## Task to complete:
Once you find the line with "UNIV] by simp" in the data that follows, repeat it and every line after it exactly, through the line with "unfolding pairs g_def".
(Supplied information begins)
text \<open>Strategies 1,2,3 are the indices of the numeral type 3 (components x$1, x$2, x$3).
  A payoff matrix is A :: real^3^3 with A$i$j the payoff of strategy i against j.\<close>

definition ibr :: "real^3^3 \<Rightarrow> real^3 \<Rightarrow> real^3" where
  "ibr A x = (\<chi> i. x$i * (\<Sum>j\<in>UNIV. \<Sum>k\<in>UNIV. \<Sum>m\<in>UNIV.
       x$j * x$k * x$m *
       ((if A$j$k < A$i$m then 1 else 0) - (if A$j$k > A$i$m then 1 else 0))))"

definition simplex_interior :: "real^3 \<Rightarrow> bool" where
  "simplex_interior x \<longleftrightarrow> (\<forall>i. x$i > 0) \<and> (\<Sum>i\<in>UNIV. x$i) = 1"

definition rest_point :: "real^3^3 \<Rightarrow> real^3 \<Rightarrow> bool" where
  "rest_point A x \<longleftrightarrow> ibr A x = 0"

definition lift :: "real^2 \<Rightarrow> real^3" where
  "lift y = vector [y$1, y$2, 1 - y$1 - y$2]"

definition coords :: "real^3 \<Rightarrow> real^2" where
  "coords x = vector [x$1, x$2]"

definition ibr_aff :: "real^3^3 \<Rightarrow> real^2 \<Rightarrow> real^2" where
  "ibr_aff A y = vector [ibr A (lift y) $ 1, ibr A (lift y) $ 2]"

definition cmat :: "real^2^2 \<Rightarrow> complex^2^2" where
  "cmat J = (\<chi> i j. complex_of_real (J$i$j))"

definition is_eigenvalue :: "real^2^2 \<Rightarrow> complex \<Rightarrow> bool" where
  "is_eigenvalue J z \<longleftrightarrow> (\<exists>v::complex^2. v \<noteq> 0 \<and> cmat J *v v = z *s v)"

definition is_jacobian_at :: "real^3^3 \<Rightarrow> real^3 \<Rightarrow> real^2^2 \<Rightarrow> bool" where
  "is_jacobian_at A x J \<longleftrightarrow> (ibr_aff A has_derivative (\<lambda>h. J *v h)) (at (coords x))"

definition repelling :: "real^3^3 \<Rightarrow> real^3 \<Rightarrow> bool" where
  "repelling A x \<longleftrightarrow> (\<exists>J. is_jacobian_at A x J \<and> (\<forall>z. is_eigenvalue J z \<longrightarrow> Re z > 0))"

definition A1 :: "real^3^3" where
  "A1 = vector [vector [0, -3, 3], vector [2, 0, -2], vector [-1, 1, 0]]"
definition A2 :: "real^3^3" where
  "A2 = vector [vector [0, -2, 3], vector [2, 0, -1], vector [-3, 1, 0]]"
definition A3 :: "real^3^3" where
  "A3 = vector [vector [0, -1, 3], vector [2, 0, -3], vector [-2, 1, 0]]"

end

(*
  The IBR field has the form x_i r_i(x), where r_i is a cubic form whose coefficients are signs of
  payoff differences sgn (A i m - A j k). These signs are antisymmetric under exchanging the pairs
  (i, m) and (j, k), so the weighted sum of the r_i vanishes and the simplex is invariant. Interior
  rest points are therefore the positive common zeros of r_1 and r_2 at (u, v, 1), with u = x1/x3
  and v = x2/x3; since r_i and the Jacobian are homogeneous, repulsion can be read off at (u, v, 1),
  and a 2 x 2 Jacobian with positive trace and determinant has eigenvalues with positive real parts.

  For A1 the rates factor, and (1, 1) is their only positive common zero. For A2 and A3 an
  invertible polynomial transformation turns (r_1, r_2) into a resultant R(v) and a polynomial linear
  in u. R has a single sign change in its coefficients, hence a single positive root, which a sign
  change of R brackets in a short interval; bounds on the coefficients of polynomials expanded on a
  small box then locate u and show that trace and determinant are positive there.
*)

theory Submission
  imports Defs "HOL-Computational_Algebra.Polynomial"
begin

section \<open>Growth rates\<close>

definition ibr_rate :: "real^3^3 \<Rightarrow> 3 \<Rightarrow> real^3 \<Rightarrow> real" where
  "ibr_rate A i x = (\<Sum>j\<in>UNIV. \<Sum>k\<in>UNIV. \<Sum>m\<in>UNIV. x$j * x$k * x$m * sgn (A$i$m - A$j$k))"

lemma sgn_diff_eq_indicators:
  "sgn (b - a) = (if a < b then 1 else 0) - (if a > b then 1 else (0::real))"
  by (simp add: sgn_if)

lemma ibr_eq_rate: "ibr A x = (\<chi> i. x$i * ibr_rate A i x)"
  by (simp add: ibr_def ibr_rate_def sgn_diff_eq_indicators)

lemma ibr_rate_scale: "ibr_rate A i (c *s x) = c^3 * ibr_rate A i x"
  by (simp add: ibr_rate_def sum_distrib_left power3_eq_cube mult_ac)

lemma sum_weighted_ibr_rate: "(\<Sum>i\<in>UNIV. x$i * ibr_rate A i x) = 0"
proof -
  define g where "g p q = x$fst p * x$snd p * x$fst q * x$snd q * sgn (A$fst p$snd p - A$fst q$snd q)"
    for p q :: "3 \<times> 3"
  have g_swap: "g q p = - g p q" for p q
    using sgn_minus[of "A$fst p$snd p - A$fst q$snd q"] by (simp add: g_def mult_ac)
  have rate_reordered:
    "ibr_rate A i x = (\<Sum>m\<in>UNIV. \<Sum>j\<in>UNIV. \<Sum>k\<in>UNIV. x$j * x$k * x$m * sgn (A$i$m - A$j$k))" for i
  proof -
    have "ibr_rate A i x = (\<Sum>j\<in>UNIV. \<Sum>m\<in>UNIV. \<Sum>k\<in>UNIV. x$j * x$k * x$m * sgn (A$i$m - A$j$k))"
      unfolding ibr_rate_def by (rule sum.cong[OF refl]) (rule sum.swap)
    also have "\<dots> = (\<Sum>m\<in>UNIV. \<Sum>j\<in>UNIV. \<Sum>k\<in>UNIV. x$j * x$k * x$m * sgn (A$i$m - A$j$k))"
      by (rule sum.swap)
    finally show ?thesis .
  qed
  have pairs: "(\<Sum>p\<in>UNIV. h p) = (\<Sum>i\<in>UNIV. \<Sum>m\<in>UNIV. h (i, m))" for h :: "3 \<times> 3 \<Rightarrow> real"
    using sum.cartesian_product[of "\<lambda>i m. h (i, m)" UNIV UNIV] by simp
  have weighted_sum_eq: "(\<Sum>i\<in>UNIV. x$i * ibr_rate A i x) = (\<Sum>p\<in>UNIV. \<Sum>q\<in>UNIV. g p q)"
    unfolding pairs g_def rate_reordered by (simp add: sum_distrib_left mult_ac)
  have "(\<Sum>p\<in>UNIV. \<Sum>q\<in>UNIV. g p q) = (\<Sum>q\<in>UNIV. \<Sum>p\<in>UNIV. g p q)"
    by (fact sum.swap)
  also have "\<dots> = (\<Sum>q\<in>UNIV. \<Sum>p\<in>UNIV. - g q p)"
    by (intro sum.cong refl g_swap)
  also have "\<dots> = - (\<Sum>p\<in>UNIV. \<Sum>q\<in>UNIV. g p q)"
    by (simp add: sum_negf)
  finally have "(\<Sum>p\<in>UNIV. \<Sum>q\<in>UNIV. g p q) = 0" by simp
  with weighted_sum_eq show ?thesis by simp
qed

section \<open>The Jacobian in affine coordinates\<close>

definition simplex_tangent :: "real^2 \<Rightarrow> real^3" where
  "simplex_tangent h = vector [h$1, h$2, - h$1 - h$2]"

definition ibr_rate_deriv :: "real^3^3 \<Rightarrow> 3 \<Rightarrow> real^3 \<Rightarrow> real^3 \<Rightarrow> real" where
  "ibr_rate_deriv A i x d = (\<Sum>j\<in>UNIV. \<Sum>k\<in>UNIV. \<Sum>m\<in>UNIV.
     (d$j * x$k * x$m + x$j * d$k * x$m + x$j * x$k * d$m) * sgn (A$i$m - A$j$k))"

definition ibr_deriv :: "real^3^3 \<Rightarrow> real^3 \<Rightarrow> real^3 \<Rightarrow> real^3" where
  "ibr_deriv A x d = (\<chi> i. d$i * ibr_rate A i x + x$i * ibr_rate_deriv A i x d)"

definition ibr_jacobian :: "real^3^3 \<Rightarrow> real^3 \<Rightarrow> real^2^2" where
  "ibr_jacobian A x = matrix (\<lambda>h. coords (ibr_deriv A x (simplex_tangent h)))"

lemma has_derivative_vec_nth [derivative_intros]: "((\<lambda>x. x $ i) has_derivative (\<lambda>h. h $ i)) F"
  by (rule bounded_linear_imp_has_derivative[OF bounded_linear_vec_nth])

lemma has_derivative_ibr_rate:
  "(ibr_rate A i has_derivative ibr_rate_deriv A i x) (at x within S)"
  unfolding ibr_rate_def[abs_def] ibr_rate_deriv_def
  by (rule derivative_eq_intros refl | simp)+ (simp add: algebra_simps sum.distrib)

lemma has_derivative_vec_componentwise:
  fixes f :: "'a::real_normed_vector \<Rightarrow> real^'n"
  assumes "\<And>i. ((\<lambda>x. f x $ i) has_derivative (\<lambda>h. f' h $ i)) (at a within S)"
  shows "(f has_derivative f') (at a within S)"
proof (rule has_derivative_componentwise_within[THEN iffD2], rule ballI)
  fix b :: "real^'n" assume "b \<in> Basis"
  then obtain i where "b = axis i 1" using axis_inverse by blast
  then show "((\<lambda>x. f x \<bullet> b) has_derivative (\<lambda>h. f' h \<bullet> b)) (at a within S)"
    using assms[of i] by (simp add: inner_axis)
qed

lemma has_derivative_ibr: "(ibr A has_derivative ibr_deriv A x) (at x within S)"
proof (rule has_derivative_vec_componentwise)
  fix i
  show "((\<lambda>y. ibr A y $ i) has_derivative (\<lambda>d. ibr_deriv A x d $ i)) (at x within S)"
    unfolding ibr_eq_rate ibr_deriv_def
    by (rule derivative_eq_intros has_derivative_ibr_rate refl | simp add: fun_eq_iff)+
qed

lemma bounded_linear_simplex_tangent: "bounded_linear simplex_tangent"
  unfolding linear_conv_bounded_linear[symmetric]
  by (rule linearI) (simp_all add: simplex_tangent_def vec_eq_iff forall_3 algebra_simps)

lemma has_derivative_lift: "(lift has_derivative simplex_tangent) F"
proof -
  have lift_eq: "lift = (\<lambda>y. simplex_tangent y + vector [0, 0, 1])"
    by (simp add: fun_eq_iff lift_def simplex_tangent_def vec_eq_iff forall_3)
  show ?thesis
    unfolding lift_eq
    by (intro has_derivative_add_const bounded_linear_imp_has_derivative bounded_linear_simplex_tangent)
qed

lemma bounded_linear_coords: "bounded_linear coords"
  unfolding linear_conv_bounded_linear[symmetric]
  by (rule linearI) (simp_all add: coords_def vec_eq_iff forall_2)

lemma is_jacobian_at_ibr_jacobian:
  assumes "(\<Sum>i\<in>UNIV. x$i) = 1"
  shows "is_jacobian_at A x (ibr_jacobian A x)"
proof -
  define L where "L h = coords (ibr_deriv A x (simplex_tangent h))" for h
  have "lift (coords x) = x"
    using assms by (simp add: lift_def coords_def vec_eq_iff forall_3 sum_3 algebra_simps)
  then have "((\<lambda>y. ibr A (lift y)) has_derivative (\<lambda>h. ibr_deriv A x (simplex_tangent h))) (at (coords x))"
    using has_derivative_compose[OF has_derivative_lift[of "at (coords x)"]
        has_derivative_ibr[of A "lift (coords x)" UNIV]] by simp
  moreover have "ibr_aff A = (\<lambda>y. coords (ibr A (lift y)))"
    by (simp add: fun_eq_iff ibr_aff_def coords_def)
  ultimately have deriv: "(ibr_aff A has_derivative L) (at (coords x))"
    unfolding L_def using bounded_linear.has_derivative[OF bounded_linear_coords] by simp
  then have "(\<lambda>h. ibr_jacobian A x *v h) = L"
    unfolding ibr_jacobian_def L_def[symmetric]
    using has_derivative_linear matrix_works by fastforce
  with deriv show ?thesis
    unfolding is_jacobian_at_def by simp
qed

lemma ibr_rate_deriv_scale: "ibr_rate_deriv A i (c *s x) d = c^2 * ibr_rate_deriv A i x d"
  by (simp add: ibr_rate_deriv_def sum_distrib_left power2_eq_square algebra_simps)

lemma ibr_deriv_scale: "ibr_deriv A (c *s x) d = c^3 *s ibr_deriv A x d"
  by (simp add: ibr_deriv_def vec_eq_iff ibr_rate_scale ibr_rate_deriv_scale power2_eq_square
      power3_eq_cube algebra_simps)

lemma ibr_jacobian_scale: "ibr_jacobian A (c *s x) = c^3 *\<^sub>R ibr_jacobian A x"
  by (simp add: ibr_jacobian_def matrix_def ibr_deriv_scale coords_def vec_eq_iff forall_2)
(Supplied information ends)
(Supplied information begins)
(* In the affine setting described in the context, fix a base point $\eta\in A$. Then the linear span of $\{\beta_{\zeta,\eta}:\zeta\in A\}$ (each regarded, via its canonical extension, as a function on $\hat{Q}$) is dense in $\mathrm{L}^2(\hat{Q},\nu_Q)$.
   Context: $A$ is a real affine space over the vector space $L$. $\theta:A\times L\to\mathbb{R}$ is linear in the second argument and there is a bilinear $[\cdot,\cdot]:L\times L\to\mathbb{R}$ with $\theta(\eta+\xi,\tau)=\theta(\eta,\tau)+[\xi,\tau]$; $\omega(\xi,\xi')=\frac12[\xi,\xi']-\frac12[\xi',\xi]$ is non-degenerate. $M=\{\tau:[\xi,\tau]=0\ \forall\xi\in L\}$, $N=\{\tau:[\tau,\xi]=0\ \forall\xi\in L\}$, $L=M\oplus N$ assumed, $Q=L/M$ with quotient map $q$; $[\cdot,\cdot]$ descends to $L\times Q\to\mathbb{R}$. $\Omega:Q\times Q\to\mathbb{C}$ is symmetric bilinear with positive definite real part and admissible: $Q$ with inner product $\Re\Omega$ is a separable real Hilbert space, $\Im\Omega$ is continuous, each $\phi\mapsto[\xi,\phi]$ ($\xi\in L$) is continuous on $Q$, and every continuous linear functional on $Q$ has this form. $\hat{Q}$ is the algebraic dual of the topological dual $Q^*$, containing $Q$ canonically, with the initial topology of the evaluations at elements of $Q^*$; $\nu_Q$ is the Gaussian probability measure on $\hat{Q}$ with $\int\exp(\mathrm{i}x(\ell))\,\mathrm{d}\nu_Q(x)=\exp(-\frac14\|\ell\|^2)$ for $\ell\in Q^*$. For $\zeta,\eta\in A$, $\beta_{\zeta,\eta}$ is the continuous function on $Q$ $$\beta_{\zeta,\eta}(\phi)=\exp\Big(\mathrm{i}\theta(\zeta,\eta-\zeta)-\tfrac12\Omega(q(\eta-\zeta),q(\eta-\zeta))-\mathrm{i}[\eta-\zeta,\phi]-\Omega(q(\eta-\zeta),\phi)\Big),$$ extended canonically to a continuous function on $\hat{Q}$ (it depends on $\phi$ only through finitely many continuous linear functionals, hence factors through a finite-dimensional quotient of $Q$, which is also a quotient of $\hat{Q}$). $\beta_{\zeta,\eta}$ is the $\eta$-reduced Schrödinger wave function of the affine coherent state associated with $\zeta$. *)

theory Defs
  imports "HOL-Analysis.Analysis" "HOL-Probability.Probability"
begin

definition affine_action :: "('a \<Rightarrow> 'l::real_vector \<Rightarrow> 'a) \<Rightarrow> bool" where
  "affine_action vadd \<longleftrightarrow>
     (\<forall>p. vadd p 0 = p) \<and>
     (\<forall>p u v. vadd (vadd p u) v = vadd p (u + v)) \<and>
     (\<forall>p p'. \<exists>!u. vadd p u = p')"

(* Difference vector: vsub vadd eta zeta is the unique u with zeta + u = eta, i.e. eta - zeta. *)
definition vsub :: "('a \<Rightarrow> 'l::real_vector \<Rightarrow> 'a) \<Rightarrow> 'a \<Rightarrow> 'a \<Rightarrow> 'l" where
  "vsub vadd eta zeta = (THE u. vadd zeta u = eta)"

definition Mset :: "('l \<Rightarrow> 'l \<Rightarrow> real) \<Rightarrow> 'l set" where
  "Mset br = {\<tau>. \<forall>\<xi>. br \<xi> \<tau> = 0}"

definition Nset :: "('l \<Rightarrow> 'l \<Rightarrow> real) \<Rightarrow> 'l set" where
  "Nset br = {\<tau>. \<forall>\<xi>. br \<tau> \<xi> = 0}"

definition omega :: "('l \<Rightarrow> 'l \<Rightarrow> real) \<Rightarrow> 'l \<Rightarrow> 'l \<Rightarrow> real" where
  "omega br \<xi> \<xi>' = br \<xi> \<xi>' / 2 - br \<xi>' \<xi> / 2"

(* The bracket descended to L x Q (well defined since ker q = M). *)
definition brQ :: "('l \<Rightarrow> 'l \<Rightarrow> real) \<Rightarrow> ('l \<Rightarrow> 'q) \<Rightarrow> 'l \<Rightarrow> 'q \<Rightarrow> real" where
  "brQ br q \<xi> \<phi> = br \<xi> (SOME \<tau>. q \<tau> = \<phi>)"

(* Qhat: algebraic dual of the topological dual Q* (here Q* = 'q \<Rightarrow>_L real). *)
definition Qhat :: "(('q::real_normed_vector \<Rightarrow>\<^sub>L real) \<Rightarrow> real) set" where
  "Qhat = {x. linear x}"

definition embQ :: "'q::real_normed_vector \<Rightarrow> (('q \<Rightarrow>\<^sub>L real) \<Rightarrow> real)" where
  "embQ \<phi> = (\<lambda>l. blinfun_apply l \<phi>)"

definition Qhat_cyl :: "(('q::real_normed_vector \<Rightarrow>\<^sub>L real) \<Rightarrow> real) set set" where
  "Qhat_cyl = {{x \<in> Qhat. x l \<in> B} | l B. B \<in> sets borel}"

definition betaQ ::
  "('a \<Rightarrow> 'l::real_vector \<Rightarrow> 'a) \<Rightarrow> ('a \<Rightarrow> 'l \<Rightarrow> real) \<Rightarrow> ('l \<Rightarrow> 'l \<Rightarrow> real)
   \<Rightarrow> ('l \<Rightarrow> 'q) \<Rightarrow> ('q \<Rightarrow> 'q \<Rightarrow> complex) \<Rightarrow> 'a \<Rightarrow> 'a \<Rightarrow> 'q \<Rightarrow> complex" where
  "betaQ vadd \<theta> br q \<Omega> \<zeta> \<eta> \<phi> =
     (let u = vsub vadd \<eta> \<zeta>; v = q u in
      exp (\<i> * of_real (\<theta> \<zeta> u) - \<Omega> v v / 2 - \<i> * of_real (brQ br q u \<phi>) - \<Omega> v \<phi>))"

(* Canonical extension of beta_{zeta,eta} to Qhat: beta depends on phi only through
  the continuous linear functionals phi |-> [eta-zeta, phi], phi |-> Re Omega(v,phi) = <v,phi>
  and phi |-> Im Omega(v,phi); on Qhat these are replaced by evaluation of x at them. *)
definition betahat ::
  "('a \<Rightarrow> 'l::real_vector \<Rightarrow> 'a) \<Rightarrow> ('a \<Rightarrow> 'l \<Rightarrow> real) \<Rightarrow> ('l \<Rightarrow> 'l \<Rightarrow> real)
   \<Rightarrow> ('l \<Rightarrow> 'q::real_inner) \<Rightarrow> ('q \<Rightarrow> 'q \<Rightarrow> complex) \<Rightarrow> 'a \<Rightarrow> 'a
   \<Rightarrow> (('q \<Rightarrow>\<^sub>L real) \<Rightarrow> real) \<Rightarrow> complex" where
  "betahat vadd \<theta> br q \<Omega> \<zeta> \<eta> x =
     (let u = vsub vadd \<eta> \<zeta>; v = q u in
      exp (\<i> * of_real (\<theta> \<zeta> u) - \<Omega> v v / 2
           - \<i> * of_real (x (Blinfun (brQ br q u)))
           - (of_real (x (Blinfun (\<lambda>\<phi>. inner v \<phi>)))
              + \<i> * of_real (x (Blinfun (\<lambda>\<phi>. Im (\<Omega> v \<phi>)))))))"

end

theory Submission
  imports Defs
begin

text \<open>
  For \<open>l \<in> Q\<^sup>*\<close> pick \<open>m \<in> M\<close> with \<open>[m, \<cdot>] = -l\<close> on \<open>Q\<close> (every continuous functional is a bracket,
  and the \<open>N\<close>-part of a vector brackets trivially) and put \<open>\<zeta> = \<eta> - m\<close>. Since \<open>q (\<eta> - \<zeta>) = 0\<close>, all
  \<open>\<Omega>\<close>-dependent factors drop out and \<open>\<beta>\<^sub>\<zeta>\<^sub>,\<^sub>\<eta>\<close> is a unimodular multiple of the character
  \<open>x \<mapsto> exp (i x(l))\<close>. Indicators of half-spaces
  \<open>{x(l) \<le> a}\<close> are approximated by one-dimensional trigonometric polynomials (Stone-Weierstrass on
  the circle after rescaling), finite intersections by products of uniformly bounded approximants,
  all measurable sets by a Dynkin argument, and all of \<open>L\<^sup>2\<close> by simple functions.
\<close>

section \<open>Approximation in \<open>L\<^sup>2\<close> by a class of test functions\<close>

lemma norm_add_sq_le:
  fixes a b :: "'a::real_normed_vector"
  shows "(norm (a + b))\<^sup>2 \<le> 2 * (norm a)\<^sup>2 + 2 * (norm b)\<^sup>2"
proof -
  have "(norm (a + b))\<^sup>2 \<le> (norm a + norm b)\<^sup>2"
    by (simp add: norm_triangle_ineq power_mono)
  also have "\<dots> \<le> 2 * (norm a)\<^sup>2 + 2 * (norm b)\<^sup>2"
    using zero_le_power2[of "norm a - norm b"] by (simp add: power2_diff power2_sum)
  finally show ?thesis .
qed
(Supplied information ends)
## Result below:
    using sum.cartesian_product[of "\<lambda>i m. h (i, m)" UNIV UNIV] by simp
  have weighted_sum_eq: "(\<Sum>i\<in>UNIV. x$i * ibr_rate A i x) = (\<Sum>p\<in>UNIV. \<Sum>q\<in>UNIV. g p q)"
    unfolding pairs g_def rate_reordered by (simp add: sum_distrib_left mult_ac)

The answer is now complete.